Chapter 25
Brother Ananda and Sister Nalini
9 min read · 7 pages
“A NANTA CANNOT LIVE; the sands of his karma for this life have run out.”
These inexorable words reached my inner consciousness as I sat one morning in deep meditation. Shortly after I had entered the Swami Order, I paid a visit to my birthplace, Gorakhpur, as a guest of my elder brother Ananta. A sudden illness confined him to his bed; I nursed him lovingly.
The solemn inward pronouncement filled me with grief. I felt that I could not bear to remain longer in Gorakhpur, only to see my brother removed before my helpless gaze. Amidst uncomprehending criticism from my relatives, I left India on the first available boat. It cruised along Burma and the China Sea to Japan. I disembarked at Kobe, where I spent only a few days. My heart was too heavy for sightseeing.
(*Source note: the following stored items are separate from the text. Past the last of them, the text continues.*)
text \<open>Nodes are 0,1,2,... in order of creation;
  colors are 0,1,2,... in order of creation.
  cols ! v  = color of node v;
  seeds ! c = the seed node of color c;
  edges     = list (multiset) of edges (v, u), v the newer endpoint.\<close>
record sm_state =
  cols  :: "nat list"
  seeds :: "nat list"
  edges :: "(nat \<times> nat) list"

definition endpoints :: "sm_state \<Rightarrow> nat multiset" where
  "endpoints s = mset (concat (map (\<lambda>(u, v). [u, v]) (edges s)))"

definition deg_pmf :: "sm_state \<Rightarrow> nat pmf" where
  "deg_pmf s = pmf_of_multiset (endpoints s)"

definition deg_color_pmf :: "sm_state \<Rightarrow> nat \<Rightarrow> nat pmf" where
  "deg_color_pmf s c = pmf_of_multiset (filter_mset (\<lambda>v. cols s ! v = c) (endpoints s))"

primrec iid_pmf :: "nat \<Rightarrow> 'a pmf \<Rightarrow> 'a list pmf" where
  "iid_pmf 0 p = return_pmf []"
| "iid_pmf (Suc k) p = bind_pmf p (\<lambda>x. bind_pmf (iid_pmf k p) (\<lambda>xs. return_pmf (x # xs)))"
On the return trip to India, the boat touched at Shanghai. There Dr. Misra, the ship’s physician, guided me to several curio shops, where I selected various presents for Sri Yukteswar and my family and friends. For Ananta I purchased a large carved bamboo piece. No sooner had the Chinese salesman handed me the bamboo souvenir than I dropped it on the floor, crying out, “I have bought this for my dear dead brother!”
A clear realization had swept over me that his soul was just being freed in the Infinite. The souvenir was sharply and symbolically cracked by its fall; amidst sobs, I wrote on the bamboo surface: “For my beloved Ananta, now gone.”
My companion, the doctor, was observing these proceedings with a sardonic smile.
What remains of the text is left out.